4. Outlier detection in tv panels

In many countries, Nielsen is responsible for providing TV ratings data: information on how many people watched specific shows on television. These TV ratings are considered a ‘currency’ as advertisers buying spots for TV advertising pay based on the amount of people watching during that time. Therefore having robust, reliable ratings is crucial for Nielsen and the TV buying market. TV ratings are measured via a panel study; the size of this panel varies by country.

The aim of this project is to identify individuals that demonstrate not natural viewing behavior with the use of sophisticated indicators that should be set. Specifically the task is to define a scientific methodology and tools to detect suspicious individuals. Based on this set objective indicators to conclude about proved false behavior of individuals that should be excluded from the panel.

Considerations to be taken into account: instructions given to individuals by third parties to watch something could be not constant in time and could be different for different channels, could be quite sophisticated aiming not to be revealed in easy way.

The aim is to explore opportunities of machine learning capabilities and various statistical methods. Available information is viewing data for each individual by each channel and listing of demographic characteristics on daily base. Viewing data is available on viewing statements level. Analysis should be performed along whole period of panel existence with regular periodicity in order to detect false behavior individuals in-time manner upon their appearing. The moment when household is disclosed and contacted by third parties with instruction to watch something in specific is not known, it could be in the beginning of household inclusion into the panel or any day during the whole period of presence in the panel.

5. Swarm optimization in marketing

The goal of this project is to apply particle swarm optimization to a large optimization problem. The optimization problem has 10,000’s decision variables (real-valued), linear restrictions and a non-linear objective function, that is very computational demanding to evaluate. The application is about planning an advertising campaign. The decision variables correspondent to budgets allocated to a large set of media and the objective function represents the ROI of the campaign.

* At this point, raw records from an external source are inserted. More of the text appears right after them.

lemma mat_norm_norm_powr_hess_le:
  fixes x0 x :: "real^'n"
  assumes "p \<ge> 2"
  shows "mat_norm (norm_powr_hess x0 p x) \<le> p * (p - 1) * norm (x - x0) powr (p - 2)"
  unfolding mat_norm_def
proof (rule onorm_le)
  fix v :: "real^'n"
  define r where "r = norm (x - x0)"
  define c1 where "c1 = p * r powr (p - 2)"
  define c2 where "c2 = p * (p - 2) * r powr (p - 4)"
  have "c1 \<ge> 0" and "c2 \<ge> 0"
    using assms by (auto simp: c1_def c2_def)
  have "norm (norm_powr_hess x0 p x *v v) \<le> c1 * norm v + c2 * \<bar>(x - x0) \<bullet> v\<bar> * r"
    using norm_triangle_ineq[of "c1 *\<^sub>R v" "(c2 * ((x - x0) \<bullet> v)) *\<^sub>R (x - x0)"]
      \<open>c1 \<ge> 0\<close> \<open>c2 \<ge> 0\<close> assms
    by (simp add: norm_powr_hess_mult_vector c1_def c2_def r_def abs_mult)
  also have "\<dots> \<le> c1 * norm v + c2 * (r * norm v) * r"
    using Cauchy_Schwarz_ineq2[of "x - x0" v] \<open>c2 \<ge> 0\<close>
    by (simp add: r_def mult_left_mono mult_right_mono)
  also have "\<dots> = (c1 + c2 * r\<^sup>2) * norm v"
    by (simp add: algebra_simps power2_eq_square)
  also have "c2 * r\<^sup>2 = p * (p - 2) * r powr (p - 2)"
  proof (cases "r = 0")
    case False
    then show ?thesis
      using powr_diff_2_times_square[of r "p - 2"] by (simp add: c2_def r_def mult.assoc)
  qed (simp add: c2_def)
  also have "c1 + p * (p - 2) * r powr (p - 2) = p * (p - 1) * norm (x - x0) powr (p - 2)"
    by (simp add: c1_def r_def algebra_simps)
  finally show "norm (norm_powr_hess x0 p x *v v) \<le> p * (p - 1) * norm (x - x0) powr (p - 2) * norm v" .
qed

lemma subdiff_ge_diff_zero:
  assumes "subdiff F A S" and "sym_mat A"
  shows "F A - F 0 \<le> S A"
proof -
  have "sym_mat (- A)"
    using \<open>sym_mat A\<close> unfolding sym_mat_def by (simp add: vec_eq_iff transpose_def)
  then have "S (- A) \<le> F (A + - A) - F A"
    using \<open>subdiff F A S\<close> unfolding subdiff_def by blast
  moreover have "S (- A) = - S A"
    using \<open>subdiff F A S\<close> unfolding subdiff_def by (simp add: linear_neg)
  ultimately show ?thesis
    by simp
qed

lemma subdiff_le_elliptic_bound:
  assumes "unif_elliptic \<Lambda> F" and "subdiff F A S"
    and "sym_mat A" and "sym_mat P" and "psd_mat P"
  shows "S P \<le> \<Lambda> * mat_norm P"
proof -
  have "S P \<le> F (A + P) - F A"
    using \<open>subdiff F A S\<close> \<open>sym_mat P\<close> unfolding subdiff_def by blast
  also have "\<dots> \<le> \<Lambda> * mat_norm P"
    using assms unfolding unif_elliptic_def by blast
  finally show ?thesis .
qed

lemma Youngs_inequality_scaled:
  fixes \<theta> K U R a :: real
  assumes "0 < \<theta>" "\<theta> < 1" "0 < K" "0 < U" "0 \<le> R" and a: "K powr (1 / (1 - \<theta>)) \<le> a"
  shows "K * R powr \<theta> \<le> (1 - \<theta>) * a * U powr \<theta> + \<theta> * U powr (\<theta> - 1) * R"
proof (cases "R = 0")
  case True
  have "0 \<le> a"
    using a powr_ge_zero order_trans by blast
  with True assms show ?thesis
    by simp
next
  case False
  \<comment> \<open>weighted AM-GM for \<open>X\<close> and \<open>Y\<close>, whose weighted geometric mean is exactly \<open>K R^\<theta>\<close>\<close>
  define X where "X = U powr (\<theta> - 1) * R"
  define Y where "Y = K powr (1 / (1 - \<theta>)) * U powr \<theta>"
  have "X > 0" and "Y > 0"
    using assms False by (simp_all add: X_def Y_def)
  have "X powr \<theta> = U powr ((\<theta> - 1) * \<theta>) * R powr \<theta>"
    using assms by (simp add: X_def powr_mult powr_powr)
  moreover have "Y powr (1 - \<theta>) = K * U powr (\<theta> * (1 - \<theta>))"
    using assms by (simp add: Y_def powr_mult powr_powr)
  ultimately have "X powr \<theta> * Y powr (1 - \<theta>) = K * R powr \<theta> * U powr ((\<theta> - 1) * \<theta> + \<theta> * (1 - \<theta>))"
    using \<open>0 < U\<close> by (simp add: powr_add)
  also have "\<dots> = K * R powr \<theta>"
    using \<open>0 < U\<close> by (simp add: algebra_simps)
  finally have "K * R powr \<theta> \<le> \<theta> * X + (1 - \<theta>) * Y"
    using Youngs_inequality_0[of \<theta> "1 - \<theta>" X Y] assms \<open>X > 0\<close> \<open>Y > 0\<close> by simp
  also have "\<dots> \<le> \<theta> * X + (1 - \<theta>) * (a * U powr \<theta>)"
    using assms unfolding Y_def by (intro add_left_mono mult_left_mono mult_right_mono) auto
  finally show ?thesis
    by (simp add: X_def algebra_simps)
qed
lemma orthonormal_cols_extend_unitary:
  assumes "orthonormal_cols m r X"
  shows "\<exists>M. unitary_mat m M \<and> (\<forall>i l. l < r \<longrightarrow> M i l = X i l)"
  using orthonormal_cols_extend[OF assms] orthonormal_cols_square_rows unfolding unitary_mat_def by blast

lemma unitary_mat_cong:
  assumes "\<And>i j. i < m \<Longrightarrow> j < m \<Longrightarrow> M i j = M' i j"
  shows "unitary_mat m M \<longleftrightarrow> unitary_mat m M'"
proof -
  have "(\<Sum>l<m. cnj (M l i) * M l j) = (\<Sum>l<m. cnj (M' l i) * M' l j)"
    "(\<Sum>l<m. M i l * cnj (M j l)) = (\<Sum>l<m. M' i l * cnj (M' j l))" if "i < m" "j < m" for i j
    using assms that by (auto intro!: sum.cong)
  then show ?thesis unfolding unitary_mat_def orthonormal_cols_def orthonormal_rows_def by auto
qed

section \<open>Singular value decompositions of sandwiched matrices\<close>

definition mat_mult :: "nat \<Rightarrow> cmat \<Rightarrow> cmat \<Rightarrow> cmat" where
  "mat_mult r M N = (\<lambda>i j. \<Sum>l<r. M i l * N l j)"

definition adj_mult :: "nat \<Rightarrow> cmat \<Rightarrow> cmat \<Rightarrow> cmat" where
  "adj_mult r M N = (\<lambda>i j. \<Sum>l<r. cnj (M l i) * N l j)"

definition svd_compose :: "nat \<Rightarrow> cmat \<Rightarrow> (nat \<Rightarrow> complex) \<Rightarrow> cmat \<Rightarrow> cmat" where
  "svd_compose r U d V = (\<lambda>i j. \<Sum>l<r. U i l * d l * cnj (V j l))"
definition digit_delta :: "nat \<Rightarrow> nat \<Rightarrow> nat \<Rightarrow> nat \<times> nat \<times> int" where
  "digit_delta d q s =
    (if q = to_sum_st d then (if s = at_sym then (subtract_st d, s, -1) else (to_sum_st d, s, -1))
     else if q = subtract_st d then
       (if s \<in> digit_syms then
          (if d \<le> s - 1 then (return_st d, marked_sym (s - 1 - d), 1)
           else (borrow_st d, marked_sym (s - 1 + 10 - d), -1))
        else if s = blank_sym then (reject_st, s, 0) else (subtract_st d, s, -1))
     else if q = borrow_st d then
       (if s = digit_sym 0 then (borrow_st d, digit_sym 9, -1)
        else if s \<in> digit_syms then (return_st d, s - 1, 1) else (reject_st, s, 0))
     else if q = return_st d then (if s = at_sym then (skip_st d, s, 1) else (return_st d, s, 1))
     else if q = skip_st d then (match_st d, s, 1)
     else if q = match_st d then
       (if s \<in> digit_syms then (match_st d, s, 1)
        else if s = hash_sym then (seek_st, s, 1) else (compare_st d, s, -1))
     else if q = compare_st d then
       (if s = digit_sym d then (matched_st d, marked_sym d, 1) else (mismatched_st d, s, 1))
     else if q = matched_st d then
       (if s \<in> marked_syms then (matched_st d, s, 1) else (match_st d, s, 1))
     else if s \<in> marked_syms then (mismatched_st d, s, 1)
     else if s = us_sym then (match_st d, mismatch_sym, 1)
     else (match_st d, s, 1))"
(* Let $q \ge 2$ and $n$ be integers, let $k \le \lfloor n/2\rfloor - 1$ be a nonnegative integer, and set $u = \lfloor n/2\rfloor + 1$ and $v = n-k$. If $u < v$ and $$\frac{\binom{n-k-1}{n-v}}{\binom{n-k-1}{n-u}} > \frac{(q^{2v-n}-1)\binom{n}{v}}{(q^{2u-n}-1)\binom{n}{u}},$$ then $k$-uniform states in $(\mathbb{C}^q)^{\otimes n}$ do not exist.
   Context: A pure state $|\psi\rangle \in (\mathbb{C}^q)^{\otimes n}$ is called $k$-uniform if, with $\rho = |\psi\rangle\langle\psi|$, for every subset $S \subseteq \{1,\dots,n\}$ with $|S| = k$ the reduced state of $\rho$ on the parties in $S$ equals $I/q^k$, where $I$ is the identity on $(\mathbb{C}^q)^{\otimes k}$. *)

theory Defs
  imports Complex_Main "HOL-Library.FuncSet"
begin

text \<open>Computational basis of (C^q)^{\<otimes>n}: index tuples i : {0..<n} \<rightarrow> {0..<q}
  (extensional functions).\<close>

definition tuples :: "nat set \<Rightarrow> nat \<Rightarrow> (nat \<Rightarrow> nat) set" where
  "tuples S q = S \<rightarrow>\<^sub>E {0..<q}"

definition is_pure_state :: "nat \<Rightarrow> nat \<Rightarrow> ((nat \<Rightarrow> nat) \<Rightarrow> complex) \<Rightarrow> bool" where
  "is_pure_state n q psi \<longleftrightarrow>
     (\<forall>i. i \<notin> tuples {0..<n} q \<longrightarrow> psi i = 0) \<and>
     (\<Sum>i\<in>tuples {0..<n} q. (cmod (psi i))\<^sup>2) = 1"

text \<open>Matrix entry (a,b) of the reduced state of |psi><psi| on the parties in S
  (partial trace over the complement {0..<n} - S); a, b range over tuples S q.\<close>
definition reduced_state ::
  "nat \<Rightarrow> nat \<Rightarrow> ((nat \<Rightarrow> nat) \<Rightarrow> complex) \<Rightarrow> nat set \<Rightarrow> (nat \<Rightarrow> nat) \<Rightarrow> (nat \<Rightarrow> nat) \<Rightarrow> complex" where
  "reduced_state n q psi S a b =
     (\<Sum>c\<in>tuples ({0..<n} - S) q.
        psi (\<lambda>j. if j \<in> S then a j else c j) * cnj (psi (\<lambda>j. if j \<in> S then b j else c j)))"

definition k_uniform :: "nat \<Rightarrow> nat \<Rightarrow> nat \<Rightarrow> ((nat \<Rightarrow> nat) \<Rightarrow> complex) \<Rightarrow> bool" where
  "k_uniform n q k psi \<longleftrightarrow> is_pure_state n q psi \<and>
     (\<forall>S. S \<subseteq> {0..<n} \<and> card S = k \<longrightarrow>
        (\<forall>a\<in>tuples S q. \<forall>b\<in>tuples S q.
           reduced_state n q psi S a b = (if a = b then 1 / of_nat (q ^ k) else 0)))"

end

theory Submission
  imports Defs "HOL-Analysis.Convex"
begin

text \<open>Following Rains, let \<open>A'\<^sub>S = q\<^bsup>|S|\<^esup> tr \<rho>\<^sub>S\<^sup>2\<close> and let \<open>A\<^sub>R\<close> be its Moebius transform
  over the subsets of the parties. Up to the factor \<open>q\<^sup>n\<close>, \<open>A\<^sub>R\<close> is the squared
  Hilbert-Schmidt norm of what is left of \<open>\<rho>\<close> after depolarizing the parties outside \<open>R\<close> and
  applying \<open>id - depolarize {i}\<close> for every \<open>i \<in> R\<close>; in particular \<open>A\<^sub>R \<ge> 0\<close>.
  For a \<open>k\<close>-uniform state \<open>A'\<^sub>S = 1\<close> whenever \<open>|S| \<le> k\<close>, so \<open>A\<^sub>\<emptyset> = 1\<close> and \<open>A\<^sub>R = 0\<close> for
  \<open>0 < |R| \<le> k\<close>. Since \<open>\<psi>\<close> is pure, \<open>\<rho>\<^sub>S\<close> and its complement have the same purity; this
  gives \<open>A'\<^sub>S = q\<^bsup>2|S|-n\<^esup>\<close> for \<open>|S| = n - k\<close> and, with Cauchy-Schwarz, \<open>A'\<^sub>S \<ge> q\<^bsup>2|S|-n\<^esup>\<close>
  for \<open>|S| \<ge> n/2\<close>. Summing \<open>A'\<^sub>S - 1 = \<Sum>{A\<^sub>R | R \<subseteq> S, |R| > k}\<close> over all \<open>S\<close> of size
  \<open>u\<close>, resp. \<open>v\<close>, weights each \<open>A\<^sub>R\<close> by a number of supersets, and comparing the weights
  contradicts the hypothesis on the binomial ratio.\<close>

lemma finite_tuples [simp]: "finite A \<Longrightarrow> finite (tuples A q)"
  unfolding tuples_def by (simp add: finite_PiE)

lemma card_tuples: "finite A \<Longrightarrow> card (tuples A q) = q ^ card A"
  unfolding tuples_def by (simp add: card_PiE)

lemma override_on_in_tuples:
  "x \<in> tuples B q \<Longrightarrow> c \<in> tuples A q \<Longrightarrow> override_on x c A \<in> tuples (B \<union> A) q"
  unfolding tuples_def PiE_iff extensional_def override_on_def by auto

lemma override_on_override_on [simp]: "override_on (override_on x c A) d A = override_on x d A"
  by (simp add: override_on_def fun_eq_iff)

lemma tuples_eq_iff:
  assumes "c \<in> tuples A q" "e \<in> tuples A q"
  shows "(\<forall>j\<in>A. c j = e j) \<longleftrightarrow> c = e"
  using assms unfolding tuples_def PiE_iff extensional_def by (auto simp: fun_eq_iff)

lemma override_on_Diff_tuples:
  assumes "a \<in> tuples S q" "c \<in> tuples (D - S) q"
  shows "override_on a c (D - S) = (\<lambda>j. if j \<in> S then a j else c j)"
  using assms unfolding tuples_def PiE_iff extensional_def override_on_def by (auto simp: fun_eq_iff)

lemma sum_tuples_split:
  assumes "A \<subseteq> D"
  shows "(\<Sum>x\<in>tuples D q. f x) = (\<Sum>a\<in>tuples (D - A) q. \<Sum>c\<in>tuples A q. f (override_on a c A))"
proof -
  have "(\<Sum>a\<in>tuples (D - A) q. \<Sum>c\<in>tuples A q. f (override_on a c A))
      = (\<Sum>(a, c)\<in>tuples (D - A) q \<times> tuples A q. f (override_on a c A))"
    by (rule sum.cartesian_product)
  also have "\<dots> = (\<Sum>x\<in>tuples D q. f x)"
  proof (rule sum.reindex_bij_witness[where i = "\<lambda>x. (restrict x (D - A), restrict x A)"
        and j = "\<lambda>(a, c). override_on a c A"])
    fix p assume "p \<in> tuples (D - A) q \<times> tuples A q"
    then show "(restrict ((\<lambda>(a, c). override_on a c A) p) (D - A),
                restrict ((\<lambda>(a, c). override_on a c A) p) A) = p"
      and "(\<lambda>(a, c). override_on a c A) p \<in> tuples D q"
      using assms by (cases p, auto simp: tuples_def PiE_iff extensional_def override_on_def
          fun_eq_iff restrict_def)+
  next
    fix x assume "x \<in> tuples D q"
    then show "(\<lambda>(a, c). override_on a c A) (restrict x (D - A), restrict x A) = x"
      and "(restrict x (D - A), restrict x A) \<in> tuples (D - A) q \<times> tuples A q"
      using assms unfolding tuples_def PiE_iff extensional_def override_on_def
      by (auto simp: fun_eq_iff)
  qed auto
  finally show ?thesis ..
qed

type_synonym matrix = "(nat \<Rightarrow> nat) \<Rightarrow> (nat \<Rightarrow> nat) \<Rightarrow> complex"

definition partial_trace :: "nat \<Rightarrow> nat set \<Rightarrow> matrix \<Rightarrow> matrix" where
  "partial_trace q A X x y = (\<Sum>c\<in>tuples A q. X (override_on x c A) (override_on y c A))"

text \<open>The completely depolarizing channel on the parties in \<open>A\<close>,
  \<open>X \<mapsto> tr\<^sub>A X \<otimes> I\<^sub>A / q\<^bsup>|A|\<^esup>\<close>.\<close>
definition depolarize :: "nat \<Rightarrow> nat set \<Rightarrow> matrix \<Rightarrow> matrix" where
  "depolarize q A X x y =
     (if \<forall>j\<in>A. x j = y j then partial_trace q A X x y / of_nat q ^ card A else 0)"

lemma partial_trace_override_on [simp]:
  "partial_trace q A X (override_on x c A) (override_on y e A) = partial_trace q A X x y"
  by (simp add: partial_trace_def)

lemma partial_trace_depolarize [simp]:
  assumes "finite A" "q > 0"
  shows "partial_trace q A (depolarize q A X) = partial_trace q A X"
  using assms by (simp add: fun_eq_iff partial_trace_def[of q A "depolarize q A X"]
      depolarize_def card_tuples)

lemma depolarize_idem [simp]:
  "finite A \<Longrightarrow> q > 0 \<Longrightarrow> depolarize q A (depolarize q A X) = depolarize q A X"
  by (simp add: fun_eq_iff depolarize_def[of q A "depolarize q A X"] depolarize_def[of q A X])

lemma depolarize_diff:
  "depolarize q A (\<lambda>x y. X x y - Y x y) = (\<lambda>x y. depolarize q A X x y - depolarize q A Y x y)"
  by (auto simp: depolarize_def partial_trace_def fun_eq_iff sum_subtractf diff_divide_distrib)

lemma partial_trace_Un:
  assumes "A \<inter> B = {}"
  shows "partial_trace q (A \<union> B) X = partial_trace q A (partial_trace q B X)"
proof (intro ext)
  fix x y :: "nat \<Rightarrow> nat"
  have override: "override_on x (override_on c d B) (A \<union> B) = override_on (override_on x c A) d B"
    for x c d by (auto simp: override_on_def fun_eq_iff)
  have "partial_trace q (A \<union> B) X x y = (\<Sum>c\<in>tuples (A \<union> B - B) q. \<Sum>d\<in>tuples B q.
      X (override_on x (override_on c d B) (A \<union> B)) (override_on y (override_on c d B) (A \<union> B)))"
    unfolding partial_trace_def by (rule sum_tuples_split) auto
  also have "A \<union> B - B = A" using assms by auto
  finally show "partial_trace q (A \<union> B) X x y = partial_trace q A (partial_trace q B X) x y"
    by (simp add: override partial_trace_def)
qed

lemma depolarize_depolarize:
  assumes "finite A" "finite B" "A \<inter> B = {}"
  shows "depolarize q A (depolarize q B X) = depolarize q (A \<union> B) X"
proof (intro ext)
  fix x y :: "nat \<Rightarrow> nat"
  have agree_B: "(\<forall>j\<in>B. override_on x c A j = override_on y c A j) \<longleftrightarrow> (\<forall>j\<in>B. x j = y j)"
    for c using assms(3) by (auto simp: override_on_def)
  show "depolarize q A (depolarize q B X) x y = depolarize q (A \<union> B) X x y"
  proof (cases "(\<forall>j\<in>A. x j = y j) \<and> (\<forall>j\<in>B. x j = y j)")
    case True
    then show ?thesis
      using assms by (simp add: depolarize_def agree_B ball_Un partial_trace_def[of q A] partial_trace_Un
          card_Un_disjoint power_add sum_divide_distrib mult.commute)
  next
    case False
    then have "\<not> (\<forall>j\<in>A \<union> B. x j = y j)" by blast
    moreover have "depolarize q A (depolarize q B X) x y = 0"
    proof (cases "\<forall>j\<in>A. x j = y j")
      case True
      with False have "(\<forall>j\<in>B. x j = y j) = False" by blast
      then show ?thesis by (simp only: depolarize_def agree_B partial_trace_def[of q A]) simp
    qed (auto simp: depolarize_def)
    ultimately show ?thesis by (auto simp: depolarize_def[of q "A \<union> B"])
  qed
qed

definition hs_inner :: "nat set \<Rightarrow> nat \<Rightarrow> matrix \<Rightarrow> matrix \<Rightarrow> complex" where
  "hs_inner D q X Y = (\<Sum>x\<in>tuples D q. \<Sum>y\<in>tuples D q. X x y * cnj (Y x y))"

definition hs_norm_sq :: "nat set \<Rightarrow> nat \<Rightarrow> matrix \<Rightarrow> real" where
  "hs_norm_sq D q X = (\<Sum>x\<in>tuples D q. \<Sum>y\<in>tuples D q. (cmod (X x y))\<^sup>2)"

lemma hs_inner_self: "hs_inner D q X X = of_real (hs_norm_sq D q X)"
  by (simp only: hs_inner_def hs_norm_sq_def of_real_sum complex_norm_square)

lemma hs_norm_sq_nonneg: "0 \<le> hs_norm_sq D q X"
  unfolding hs_norm_sq_def by (intro sum_nonneg) auto

lemma cnj_hs_inner: "cnj (hs_inner D q X Y) = hs_inner D q Y X"
  by (simp add: hs_inner_def cnj_sum mult.commute)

The main reason why we are interested in particle swarm optimization is that it can take advantage of a parallel computing environment. Working on this project, you will be  implementing and tuning a number of variations of the algorithm, and evaluating these on a benchmark set of optimization problems.

6. Wisdom of the crowd

Surveys about media consumption behavior are the core of many of our products. The biggest and most time-consuming part for respondents are questions related to the reach and frequency of specific media channels. Due to the large amount of channels, we are forced to ask respondents only about a subset of channels. Experiments show that we are able to collect much more/accurate information when asking people to assess group behavior rather than individual behavior.

The goal of this project is to combine two interviewing techniques, which will allow respondents to describe their media behavior in a non-traditional way.

  1. The first experimental treatment introduces previously collected data about media consumption, and will ask the respondent to make corrections to match this consumption with their own consumption.
  2. The second treatment includes questions that ask respondents about the average media consumption of their peer group rather than themselves.

By doing so we can assess respondents’ meta-knowledge about the population distribution rather than their own and correct for individual errors. This project includes combining these two treatments in a two by two experimental design and comparing the results with data collected by our traditional questionnaire design.